NandoBr · November 5, 2018, 11:21am

Done.

piotr.czapla · November 6, 2018, 9:47am

I’m sure many of you heard that multilingual BERT is out, which is a competing solution to ULMFiT (https://twitter.com/seb_ruder/status/1059439373396123649). Let see how this two compare. I guess BERT being new and large will be better. But given how big and slow it is ULMFiT may still be a better first choice for practical tasks, but we need to compare the two to be able to make an informative decision. I think we can do the work in the Language dependant threads and report back the findings here for anyone that is interested but can’t help.

tomsthom · November 6, 2018, 10:08am

Yes great idea. I will try the BERT model in french and compare with my ULMFiT results both in performance and time to train / do inference.

piotr.czapla · November 6, 2018, 10:20am

Awesome! I’ve added your thread (ULMFiT - French) to the wiki above for anyone that would like to join.
BTW. According to BERT readme, google collab has free TPU access so we can use that to fine tune the classifier.

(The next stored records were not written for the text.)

lemma in_B_lt: "i \<in> B \<Longrightarrow> i < n" and in_N_lt: "i \<in> N \<Longrightarrow> i < n"
  using partition by auto

lemma index_cases:
  assumes "i < n" and "i \<in> B \<Longrightarrow> P" and "i = l \<Longrightarrow> P" and "i \<in> N \<Longrightarrow> P"
  shows P
proof -
  have "i \<in> B \<union> {l} \<union> N" using partition assms(1) by simp
  then show P using assms(2-4) by blast
qed

lemma H_BB_carrier: "submatrix H B B \<in> carrier_mat (card B) (card B)"
  using H_carrier by (intro carrier_matI) (simp_all add: dim_submatrix)

lemma A_B_carrier: "cols_sub A B \<in> carrier_mat m (card B)"
  using A_carrier unfolding cols_sub_def by (intro carrier_matI) (simp_all add: dim_submatrix)

lemma KB_carrier: "KB H A M B \<in> carrier_mat (card B + m) (card B + m)"
  unfolding KB_def by (rule four_block_carrier_mat[OF H_BB_carrier uminus_carrier_mat[OF M_carrier]])

lemma KB_col_carrier: "KB_col H A B l \<in> carrier_vec (card B + m)"
  unfolding KB_col_def using H_carrier A_carrier l_lt by (intro append_carrier_vec carrier_vecI) auto

lemma KB_sym: "(KB H A M B)\<^sup>T = KB H A M B"
proof -
  have "(submatrix H B B)\<^sup>T = submatrix H B B" by (simp add: transpose_submatrix H_sym)
  moreover have "(- M)\<^sup>T = - M" by (simp add: transpose_uminus M_sym)
  ultimately show ?thesis
    unfolding KB_def transpose_four_block_mat[OF H_BB_carrier transpose_carrier_mat[THEN iffD2, OF A_B_carrier]
        A_B_carrier uminus_carrier_mat[OF M_carrier]]
    by simp
qed

lemma Kl_eq_bordered_mat: "Kl H A M B l = bordered_mat (H $$ (l, l)) (KB_col H A B l) (KB H A M B)"
  unfolding Kl_def bordered_mat_def Let_def ..

lemma sys_zero: "sys H A M B N (0\<^sub>v n) (0\<^sub>v m) (0\<^sub>v n)"
  unfolding sys_def using H_carrier M_carrier A_carrier in_B_lt in_N_lt by auto

context
  fixes dx dy dz assumes sol: "sys H A M B N dx dy dz"
begin

lemma sol_carrier: "dx \<in> carrier_vec n" "dy \<in> carrier_vec m" "dz \<in> carrier_vec n"
  using sol H_carrier M_carrier unfolding sys_def by auto

lemma dz_eq: "dz = H *\<^sub>v dx - A\<^sup>T *\<^sub>v dy"
proof -
  have "H *\<^sub>v dx - A\<^sup>T *\<^sub>v dy - dz = 0\<^sub>v n" using sol H_carrier unfolding sys_def by auto
  then show ?thesis using sol_carrier H_carrier A_carrier by (subst (asm) minus_vec_eq_0_iff) auto
qed

lemma dx_N: "i \<in> N \<Longrightarrow> dx $ i = 0" and dz_B: "i \<in> B \<Longrightarrow> dz $ i = 0"
  using sol unfolding sys_def by auto

lemma primal_eq: "A *\<^sub>v dx = - (M *\<^sub>v dy)"
proof -
  have "A *\<^sub>v dx + M *\<^sub>v dy = 0\<^sub>v m" using sol M_carrier unfolding sys_def by auto
  then show ?thesis using sol_carrier M_carrier A_carrier by (subst (asm) add_vec_eq_0_iff) auto
qed

lemma dx_split: "dx = restrict_vec dx B + dx $ l \<cdot>\<^sub>v unit_vec n l"
proof (rule eq_vecI)
  fix i assume "i < dim_vec (restrict_vec dx B + dx $ l \<cdot>\<^sub>v unit_vec n l)"
  then have i: "i < n" by simp
  then show "dx $ i = (restrict_vec dx B + dx $ l \<cdot>\<^sub>v unit_vec n l) $ i"
    by (rule index_cases) (use i l_lt sol_carrier l_notin_B l_notin_N dx_N in auto)
qed (use sol_carrier in simp)

lemma mult_dx_split:
  assumes X: "X \<in> carrier_mat r n"
  shows "X *\<^sub>v dx = X *\<^sub>v restrict_vec dx B + dx $ l \<cdot>\<^sub>v col X l"
proof -
  have x: "restrict_vec dx B \<in> carrier_vec n" using sol_carrier by (auto intro: carrier_vecI)
  have "X *\<^sub>v dx = X *\<^sub>v (restrict_vec dx B + dx $ l \<cdot>\<^sub>v unit_vec n l)"
    by (simp only: dx_split[symmetric])
  also have "\<dots> = X *\<^sub>v restrict_vec dx B + dx $ l \<cdot>\<^sub>v (X *\<^sub>v unit_vec n l)"
    using X x by (simp add: mult_add_distrib_mat_vec mult_mat_vec)
  finally show ?thesis using mult_unit_vec[OF X l_lt] by simp
qed

lemma dz_split_index:
  "i < n \<Longrightarrow> dz $ i = (H *\<^sub>v restrict_vec dx B) $ i + dx $ l * H $$ (i, l) - col A i \<bullet> dy"
  using arg_cong[OF dz_eq, of "\<lambda>v. v $ i"] mult_dx_split[OF H_carrier] H_carrier A_carrier sol_carrier l_lt
  by simp

lemma primal_split_index:
  "r < m \<Longrightarrow> (A *\<^sub>v restrict_vec dx B) $ r + dx $ l * A $$ (r, l) = - (row M r \<bullet> dy)"
  using arg_cong[OF primal_eq, of "\<lambda>v. v $ r"] mult_dx_split[OF A_carrier] A_carrier M_carrier sol_carrier l_lt
  by simp

lemma KB_mult: "KB H A M B *\<^sub>v (subvec dx B @\<^sub>v - dy) = - (dx $ l \<cdot>\<^sub>v KB_col H A B l)"
proof -
  let ?x = "restrict_vec dx B"
  have x_out: "\<And>j. j < dim_vec ?x \<Longrightarrow> j \<notin> B \<Longrightarrow> ?x $ j = 0" by simp
  have HB: "submatrix H B B *\<^sub>v subvec dx B = subvec (H *\<^sub>v ?x) B"
    using submatrix_mult_subvec[of H ?x B B] x_out sol_carrier H_carrier by simp
  have AB: "cols_sub A B *\<^sub>v subvec dx B = A *\<^sub>v ?x"
    using submatrix_mult_subvec[of A ?x B UNIV] x_out sol_carrier A_carrier by (simp add: cols_sub_def)
  have ATB: "(cols_sub A B)\<^sup>T *\<^sub>v - dy = subvec (A\<^sup>T *\<^sub>v - dy) B"
    using submatrix_mult_subvec[of "A\<^sup>T" "- dy" UNIV B] sol_carrier A_carrier
    by (simp add: cols_sub_def transpose_submatrix)
  have "KB H A M B *\<^sub>v (subvec dx B @\<^sub>v - dy)
      = (subvec (H *\<^sub>v ?x) B + subvec (A\<^sup>T *\<^sub>v - dy) B) @\<^sub>v (A *\<^sub>v ?x + - M *\<^sub>v - dy)"
    unfolding KB_def HB[symmetric] AB[symmetric] ATB[symmetric]
    using H_BB_carrier A_B_carrier M_carrier sol_carrier
    by (intro four_block_mat_mult_vec) (auto intro: carrier_vecI)
  also have "\<dots> = - (dx $ l \<cdot>\<^sub>v KB_col H A B l)"
  proof (rule eq_vecI)
    fix i assume "i < dim_vec (- (dx $ l \<cdot>\<^sub>v KB_col H A B l))"
    then have i: "i < card B + m" using KB_col_carrier by simp
    show "((subvec (H *\<^sub>v ?x) B + subvec (A\<^sup>T *\<^sub>v - dy) B) @\<^sub>v (A *\<^sub>v ?x + - M *\<^sub>v - dy)) $ i
        = (- (dx $ l \<cdot>\<^sub>v KB_col H A B l)) $ i"
    proof (cases "i < card B")
      case True
      then have "pick B i \<in> B" "pick B i < n" using pick_in_set_lt[of i n B] by auto
      with dz_split_index[of "pick B i"] dz_B show ?thesis
        using True i H_carrier A_carrier sol_carrier l_lt by (simp add: KB_col_def)
    next
      case False
      then have "i - card B < m" using i by simp
      with primal_split_index[of "i - card B"] show ?thesis
        using False i H_carrier A_carrier M_carrier sol_carrier l_lt by (simp add: KB_col_def)
    qed
  qed (use KB_col_carrier H_carrier A_carrier M_carrier in simp)
  finally show ?thesis .
qed

lemma dz_l: "dz $ l = H $$ (l, l) * dx $ l + subvec (col H l) B \<bullet> subvec dx B - col A l \<bullet> dy"
proof -
  have "(H *\<^sub>v restrict_vec dx B) $ l = col H l \<bullet> restrict_vec dx B"
    using H_carrier l_lt arg_cong[OF H_sym, of "\<lambda>X. row X l"] by simp
  also have "\<dots> = subvec (col H l) B \<bullet> subvec dx B"
    using scalar_prod_subvec[of "col H l" "restrict_vec dx B" B] H_carrier sol_carrier by simp
  finally show ?thesis using dz_split_index[OF l_lt] by simp
qed

lemma dz_l_eq_schur: "dz $ l = H $$ (l, l) * dx $ l + KB_col H A B l \<bullet> (subvec dx B @\<^sub>v - dy)"
proof -
  have "KB_col H A B l \<bullet> (subvec dx B @\<^sub>v - dy) = subvec (col H l) B \<bullet> subvec dx B + col A l \<bullet> - dy"
    unfolding KB_col_def using H_carrier A_carrier sol_carrier l_lt
    by (intro scalar_prod_append) (auto intro: carrier_vecI)
  also have "col A l \<bullet> - dy = - (col A l \<bullet> dy)"
    using A_carrier sol_carrier l_lt by (intro scalar_prod_uminus_right) auto
  finally show ?thesis using dz_l by simp
qed

lemma dz_N: "subvec dz N = dx $ l \<cdot>\<^sub>v subvec (col H l) N + (submatrix H B N)\<^sup>T *\<^sub>v subvec dx B
    - (cols_sub A N)\<^sup>T *\<^sub>v dy"
proof -
  let ?x = "restrict_vec dx B"
  have HN: "(submatrix H B N)\<^sup>T *\<^sub>v subvec dx B = subvec (H *\<^sub>v ?x) N"
    using submatrix_mult_subvec[of H ?x B N] sol_carrier H_carrier by (simp add: transpose_submatrix H_sym)
  have AN: "(cols_sub A N)\<^sup>T *\<^sub>v dy = subvec (A\<^sup>T *\<^sub>v dy) N"
    using submatrix_mult_subvec[of "A\<^sup>T" dy UNIV N] sol_carrier A_carrier
    by (simp add: cols_sub_def transpose_submatrix)
  show ?thesis unfolding HN AN
  proof (rule eq_vecI)
    fix p assume "p < dim_vec (dx $ l \<cdot>\<^sub>v subvec (col H l) N + subvec (H *\<^sub>v ?x) N - subvec (A\<^sup>T *\<^sub>v dy) N)"
    then have p: "p < card N" using H_carrier A_carrier by simp
    then have "pick N p < n" using pick_in_set_lt[of p n N] by auto
    with dz_split_index[of "pick N p"] show "subvec dz N $ p = (dx $ l \<cdot>\<^sub>v subvec (col H l) N
        + subvec (H *\<^sub>v ?x) N - subvec (A\<^sup>T *\<^sub>v dy) N) $ p"
      using p H_carrier A_carrier sol_carrier l_lt by simp
  qed (use H_carrier A_carrier sol_carrier in simp)
qed

lemma energy_identity: "dx $ l * dz $ l = dx \<bullet> (H *\<^sub>v dx) + dy \<bullet> (M *\<^sub>v dy)"
proof -
  have Hdx: "H *\<^sub>v dx \<in> carrier_vec n" and ATdy: "A\<^sup>T *\<^sub>v dy \<in> carrier_vec n"
    and Mdy: "M *\<^sub>v dy \<in> carrier_vec m" using H_carrier A_carrier M_carrier sol_carrier by auto
  have "dx $ l * dz $ l = dx \<bullet> dz"
  proof (rule scalar_prod_single_support[symmetric, OF sol_carrier(1,3) l_lt])
    fix i assume "i < n" "i \<noteq> l"
    show "dx $ i * dz $ i = 0" by (rule index_cases[OF \<open>i < n\<close>]) (use \<open>i \<noteq> l\<close> in \<open>auto simp: dx_N dz_B\<close>)
  qed
  also have "\<dots> = dx \<bullet> (H *\<^sub>v dx) - dx \<bullet> (A\<^sup>T *\<^sub>v dy)"
    unfolding dz_eq by (rule scalar_prod_minus_distrib[OF sol_carrier(1) Hdx ATdy])
  also have "dx \<bullet> (A\<^sup>T *\<^sub>v dy) = dy \<bullet> (A *\<^sub>v dx)"
    using transpose_vec_mult_scalar[OF A_carrier sol_carrier(1,2)] comm_scalar_prod[OF ATdy sol_carrier(1)]
    by simp
  also have "\<dots> = - (dy \<bullet> (M *\<^sub>v dy))"
    unfolding primal_eq using sol_carrier Mdy M_carrier by (intro scalar_prod_uminus_right) auto
  finally show ?thesis by simp
qed

end

lemma sys_unique:
  assumes KB: "invertible_mat (KB H A M B)"
    and sol: "sys H A M B N dx dy dz" and sol': "sys H A M B N dx' dy' dz'" and l: "dx $ l = dx' $ l"
  shows "dx = dx' \<and> dy = dy' \<and> dz = dz'"
proof -
  note carr = sol_carrier[OF sol] sol_carrier[OF sol']
  have "KB H A M B *\<^sub>v (subvec dx B @\<^sub>v - dy) = KB H A M B *\<^sub>v (subvec dx' B @\<^sub>v - dy')"
    using KB_mult[OF sol] KB_mult[OF sol'] l by simp
  then have "subvec dx B @\<^sub>v - dy = subvec dx' B @\<^sub>v - dy'"
    by (rule invertible_mat_mult_vec_cancel[OF _ KB_carrier KB]) (use carr in \<open>auto intro: carrier_vecI\<close>)
  moreover have "subvec dx B \<in> carrier_vec (card B)" "subvec dx' B \<in> carrier_vec (card B)"
    using carr by (auto intro: carrier_vecI)
  ultimately have sub: "subvec dx B = subvec dx' B" and "- dy = - dy'" using append_vec_eq by blast+
  then have dy: "dy = dy'" using carr by (metis uminus_uminus_vec)
  have dx: "dx = dx'"
  proof (rule eq_if_subvec_eq[OF _ sub])
    fix i assume i: "i < dim_vec dx'" "i \<notin> B"
    then have "i < n" using carr by simp
    then show "dx $ i = dx' $ i"
      by (rule index_cases) (use i l in \<open>auto simp: dx_N[OF sol] dx_N[OF sol']\<close>)
  qed (use carr in simp)
  show ?thesis using dz_eq[OF sol] dz_eq[OF sol'] dx dy by simp
qed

piotr.czapla · November 6, 2018, 10:24am

Thank you for adding the thread to the wiki above :). For anyone that wants to join the work on Portuguese and play with the BERT as well feel free to join us here: ULMFit - Portuguese

piotr.czapla · November 6, 2018, 12:38pm

Can you make the Language thread then so that ppl can join in and participate? Please share what you found regarding the datasets and if you managed to train the model.

ertan · November 9, 2018, 11:58pm

Here is the thread for Turkish: ULMFiT - Turkish

ertan · November 10, 2018, 12:14am

Has there been any implementation/experimentation with Transformer architectures in fastai?

harikrishnanrajeev · November 17, 2018, 8:00am

Hi @jamsheer , is there a thread for ULMFit - Malayalam ?.

piotr.czapla · November 19, 2018, 5:10am

I don’t know about any experiments yet. but i know there are few ppl interested to give it a try.

tomashm · November 22, 2018, 10:13am

Has there been any progress on Norwegian?

sarnthil · November 22, 2018, 5:04pm

Hi everyone. I’d like to get ULMFit for Romanian. Anyone else working on it?

Virgil · November 23, 2018, 10:10am

Hi @sarnthil . We’re just starting work on it at the Timisoara study group. I have a lot of GCP credits that will expire soon so I plan to start training the language model on a wikipedia dump this weekend.

The plan is to find Romanian language classification datasets to fine-tune & apply the ULMFit LM to. Finding good datasets for it might be hardest task :). Did you find some already ?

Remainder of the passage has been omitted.